El detective, su colega, y los miembros del laboratorio forense miraban maravillados la escena. Era simplemente imposible entender la genialidad del asesino para planificar el final de su carrera. Cuatro horas antes el dueño de la horrorosa casa había llamado a la policía, identificándose y dando el domicilio en donde se encontraba, y donde estaban todas las cabezas faltantes de los cadáveres encontrados. Dada la larga lista de falsos datos, se envió un móvil con apenas dos detectives para hacer reconocimiento del domicilio como mera formalidad.  Al llegar al lugar se encontraron con la puerta semiabierta, lo que de inmediato los llevó a desenfundar sus armas de servicio e identificarse a viva voz: en cuanto entraron a la sala de estar, se encontraron con la misma escena que ahora admiraban junto con todo el resto del equipo.

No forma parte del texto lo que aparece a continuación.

lemma indicator_measure_exists:
  "\<exists>\<nu>. sets \<nu> = sets M \<and> finite_measure \<nu> \<and> absolutely_continuous M \<nu> \<and>
    (\<forall>A\<in>sets M. measure \<nu> A = \<Lambda> (indicator A))"
proof -
  define \<nu> where "\<nu> = measure_of (space M) (sets M) (\<lambda>A. ennreal (\<Lambda> (indicator A)))"
  have emeasure_\<nu>: "emeasure \<nu> A = ennreal (\<Lambda> (indicator A))" if "A \<in> sets M" for A
    unfolding \<nu>_def
    by (rule emeasure_measure_of_sigma[OF sets.sigma_algebra_axioms _ countably_additive_indicator that])
       (use indicator_le[of "{}"] indicator_nonneg[of "{}"] in \<open>simp add: positive_def\<close>)
  have sets_\<nu>: "sets \<nu> = sets M" by (simp add: \<nu>_def)
  moreover have "finite_measure \<nu>"
  proof (rule finite_measureI)
    have "space \<nu> = space M" by (simp add: \<nu>_def)
    then show "emeasure \<nu> (space \<nu>) \<noteq> \<infinity>" by (simp add: emeasure_\<nu>)
  qed
  moreover have "measure \<nu> A = \<Lambda> (indicator A)" if "A \<in> sets M" for A
    using that indicator_nonneg[OF that] by (simp add: measure_def emeasure_\<nu>)
  moreover have "absolutely_continuous M \<nu>"
  proof (unfold absolutely_continuous_def, safe)
    fix A assume "A \<in> null_sets M"
    then have "A \<in> sets M" "measure M A = 0" by (auto simp: measure_def null_sets_def)
    then show "A \<in> null_sets \<nu>"
      using indicator_le[of A] indicator_nonneg[of A] by (simp add: null_sets_def sets_\<nu> emeasure_\<nu>)
  qed
  ultimately show ?thesis by blast
qed
lemma root_branches_location:
  assumes "root_branches r1 r2 r3" "s \<in> UHP"
  shows "Im (r1 s) < 0 \<and> Re (r1 s) < -2 \<and>
    Im (r2 s) > 0 \<and> Arg (r2 s) > arctan (3/2) \<and> Arg (r2 s + 2) < pi - arctan (3/2) \<and>
    Im (r3 s) < 0 \<and> Re (r3 s) > 0"
proof -
  note m = root_branchesD(1-3)[OF assms]
  have "Im (r1 s) < 0" "Re (r1 s) + 1 < 0" "\<bar>Re (r1 s) + 1\<bar> > 1"
    using m(1) Z1_Z3_abs_Re_gt_1[of "r1 s + 1"] by (simp_all add: Z1_def)
  moreover have "Im (r3 s) < 0" "Re (r3 s) + 1 > 0" "\<bar>Re (r3 s) + 1\<bar> > 1"
    using m(3) Z1_Z3_abs_Re_gt_1[of "r3 s + 1"] by (simp_all add: Z3_def)
  moreover have "Im (r2 s) > 0" using m(2) by (simp add: Z2_def)
  moreover have "Arg (r2 s) > arctan (3/2)" "Arg (r2 s + 2) < pi - arctan (3/2)"
    using Z2_Arg_bounds[OF m(2)] by (simp_all add: add.assoc)
  ultimately show ?thesis by linarith
qed

lemma P_factor:
  assumes "P s a = 0" "P s b = 0" "P s c = 0" "a \<noteq> b" "a \<noteq> c" "b \<noteq> c"
  shows "3 * P s u = (u - a) * (u - b) * (u - c)"
proof -
  have cubic: "x ^ 3 + 3 * x\<^sup>2 + 3 * s = 3 * P s x" for x
    unfolding P_def by (simp add: field_simps)
  have "(a - b) * (a\<^sup>2 + a * b + b\<^sup>2 + 3 * a + 3 * b) = 3 * P s a - 3 * P s b"
    unfolding cubic[symmetric] by (simp add: algebra_simps power2_eq_square power3_eq_cube)
  hence eab: "a\<^sup>2 + a * b + b\<^sup>2 + 3 * a + 3 * b = 0" using assms(1,2,4) by simp
  have "(a - c) * (a\<^sup>2 + a * c + c\<^sup>2 + 3 * a + 3 * c) = 3 * P s a - 3 * P s c"
    unfolding cubic[symmetric] by (simp add: algebra_simps power2_eq_square power3_eq_cube)
  hence eac: "a\<^sup>2 + a * c + c\<^sup>2 + 3 * a + 3 * c = 0" using assms(1,3,5) by simp
  have "(b - c) * (a + b + c + 3) = (a\<^sup>2 + a * b + b\<^sup>2 + 3 * a + 3 * b) - (a\<^sup>2 + a * c + c\<^sup>2 + 3 * a + 3 * c)"
    by (simp add: algebra_simps power2_eq_square)
  hence e1: "a + b + c = -3" using eab eac assms(6) by (simp add: add_eq_0_iff2)
  have "a * b + a * c + b * c = - (a\<^sup>2 + a * b + b\<^sup>2 + 3 * a + 3 * b) + (a + b) * (a + b + c + 3)"
    by (simp add: algebra_simps power2_eq_square)
  hence e2: "a * b + a * c + b * c = 0" using eab e1 by simp
  have "a ^ 3 + 3 * a\<^sup>2 - a * b * c = a ^ 3 - (a + b + c) * a\<^sup>2 + (a * b + a * c + b * c) * a - a * b * c"
    using e1 e2 by simp
  also have "\<dots> = 0" by (simp add: algebra_simps power2_eq_square power3_eq_cube)
  finally have "a * b * c = (a ^ 3 + 3 * a\<^sup>2 + 3 * s) - 3 * s" by simp
  hence e3: "a * b * c = -3 * s" using assms(1) cubic[of a] by simp
  have "(u - a) * (u - b) * (u - c) = u ^ 3 - (a + b + c) * u\<^sup>2 + (a * b + a * c + b * c) * u - a * b * c"
    by (simp add: algebra_simps power2_eq_square power3_eq_cube)
  also have "\<dots> = 3 * P s u" unfolding e1 e2 e3 cubic[symmetric] by simp
  finally show ?thesis by simp
qed

lemma root_branches_norm_P:
  assumes "root_branches r1 r2 r3" "s \<in> UHP"
  shows "cmod (3 * P s u) = cmod (u - r1 s) * cmod (u - r2 s) * cmod (u - r3 s)"
  using P_factor[OF root_branchesD(4-6)[OF assms] root_branches_distinct[OF assms], of u]
  by (simp add: norm_mult)

section \<open>The roots near \<open>s = 0\<close>\<close>

lemma csqrt_upper_half:
  assumes "Im s > 0"
  shows "Re (csqrt s) > 0" "Im (csqrt s) > 0"
proof -
  have "Im s = Im ((csqrt s)\<^sup>2)" by simp
  also have "\<dots> = 2 * Re (csqrt s) * Im (csqrt s)" by (simp add: power2_eq_square)
  finally have "2 * Re (csqrt s) * Im (csqrt s) > 0" using assms by simp
  with Re_csqrt[of s] show "Re (csqrt s) > 0" "Im (csqrt s) > 0"
    by (auto simp: zero_less_mult_iff)
qed

text \<open>In each estimate below, \<open>|3 P s a| = \<Prod>\<^sub>j |a - r\<^sub>j s|\<close> is small at the approximate root
  \<open>a\<close> while the two factors of the other roots are bounded below.\<close>

lemma root2_near_0:
  assumes rb: "root_branches r1 r2 r3" and s: "s \<in> UHP" and small: "cmod s < 1"
  shows "cmod (r2 s - \<i> * csqrt s) < cmod s"
proof -
  define q where "q = csqrt s"
  define t where "t = cmod q"
  define a where "a = \<i> * q"
  have q: "Re q > 0" "Im q > 0" using csqrt_upper_half s unfolding q_def UHP_def by auto
  have t2: "t\<^sup>2 = cmod s" unfolding t_def q_def by simp
  have t: "0 < t" "t < 1" using s small by (auto simp: t_def q_def UHP_def)
  have qt: "Im q \<le> t" using abs_Im_le_cmod[of q] unfolding t_def by auto
  have reg: "Re (r1 s) < -2" "Im (r3 s) < 0" "Re (r3 s) > 0"
    using root_branches_location[OF rb s] by auto
  have "a\<^sup>2 = - s" unfolding a_def q_def by (simp add: power_mult_distrib)
  hence "3 * P s a = a ^ 3"
    unfolding P_def by (simp add: field_simps power3_eq_cube power2_eq_square)
  hence prod: "cmod (a - r2 s) * (cmod (a - r1 s) * cmod (a - r3 s)) = t ^ 3"
    using root_branches_norm_P[OF rb s, of a] by (simp add: a_def t_def norm_mult norm_power)
  have "cmod (a - r1 s) > 1"
    using complex_Re_le_cmod[of "a - r1 s"] reg qt t by (simp add: a_def)
  moreover have "cmod (a - r3 s) > t"
  proof -
    have "(Im q)\<^sup>2 < (Im q + Re (r3 s))\<^sup>2" using q reg by (intro power_strict_mono) auto
    moreover have "(Re q)\<^sup>2 < (Re q - Im (r3 s))\<^sup>2" using q reg by (intro power_strict_mono) auto
    moreover have "Re (a - r3 s) = - (Im q + Re (r3 s))" "Im (a - r3 s) = Re q - Im (r3 s)"
      by (simp_all add: a_def)
    ultimately have "t\<^sup>2 < (cmod (a - r3 s))\<^sup>2"
      unfolding t_def cmod_power2 by (simp only: power2_minus)
    thus ?thesis by (rule power_less_imp_less_base) simp
  qed
  ultimately have XY: "1 * t < cmod (a - r1 s) * cmod (a - r3 s)"
    using t by (intro mult_strict_mono) auto
  hence "cmod (a - r2 s) * (cmod (a - r1 s) * cmod (a - r3 s)) < t\<^sup>2 * (cmod (a - r1 s) * cmod (a - r3 s))"
    using prod t by (simp add: power3_eq_cube power2_eq_square mult.assoc)
  hence "cmod (a - r2 s) < t\<^sup>2"
    using t XY by (subst (asm) mult_less_cancel_right_pos) auto
  thus ?thesis using t2 by (simp add: a_def q_def norm_minus_commute)
qed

Al medio del living, una tablet enfocaba su cámara hacia la bizarra escena. En su memoria se encontraba un video que se seguía grabando hasta la llegada de los detectives, y que fue detenido por uno de los peritos para poder reproducirlo y entender la intrincada y genial dinámica de los hechos. En la pantalla se veía a un hombre de contextura media, cabellera, barba y ojos negros, que luego de encender la cámara y mirar directamente a ella, se dirigió a una larga tabla que abarcaba de sus pies hasta sus hombros, y que estaba fijada al piso flotante por un par de grandes bisagras de acero. El hombre se fijó a la tabla con correas de cuero, quedando sus manos libres, las que tomó firmemente a sus espaldas, para luego dejarse caer hacia adelante, siguiendo el arco de la tabla y sus bisagras. Justo un par de centímetros por delante del borde de la tabla en el piso, y fijada al mismo por sendos soportes metálicos, una espada japonesa con el filo hacia arriba esperaba, justo por delante de una rampa de madera con dos barandas, que se acercaba al suelo en diagonal, y terminaba en una plataforma cilíndrica de no más de tres centímetros de altura. En cuanto la tabla llegó al suelo, la espada separó la cabeza del hombre de su cuerpo, la cual rodó perfectamente por la rampa y terminó afirmada en la plataforma de madera, dejando ver una mueca de miedo peor que las de todas las cabezas fijadas en los muros del ecléctico psicópata. En el borde de la plataforma, bajo la cabeza y salpicada en sangre, se lograba leer en bajorrelieve: “Trofeo final”.

miércoles, abril 01, 2015

Borracho

Llegué borracho a mi departamento, como todos los sábado de madrugada. Nadie abrió la reja. Nadie abrió la puerta. Nadie había en mi departamento. Nadie me habló, me ladró, me maulló, o me miró en silencio. Nadie calentó comida o agua para un café. Nadie me echó de menos. Aún no puedo aceptar que morí hace veinte años, acuchillado y borracho, y sigo dando vueltas entre el bar y mi hogar, todas las noches, de aquí a la eternidad.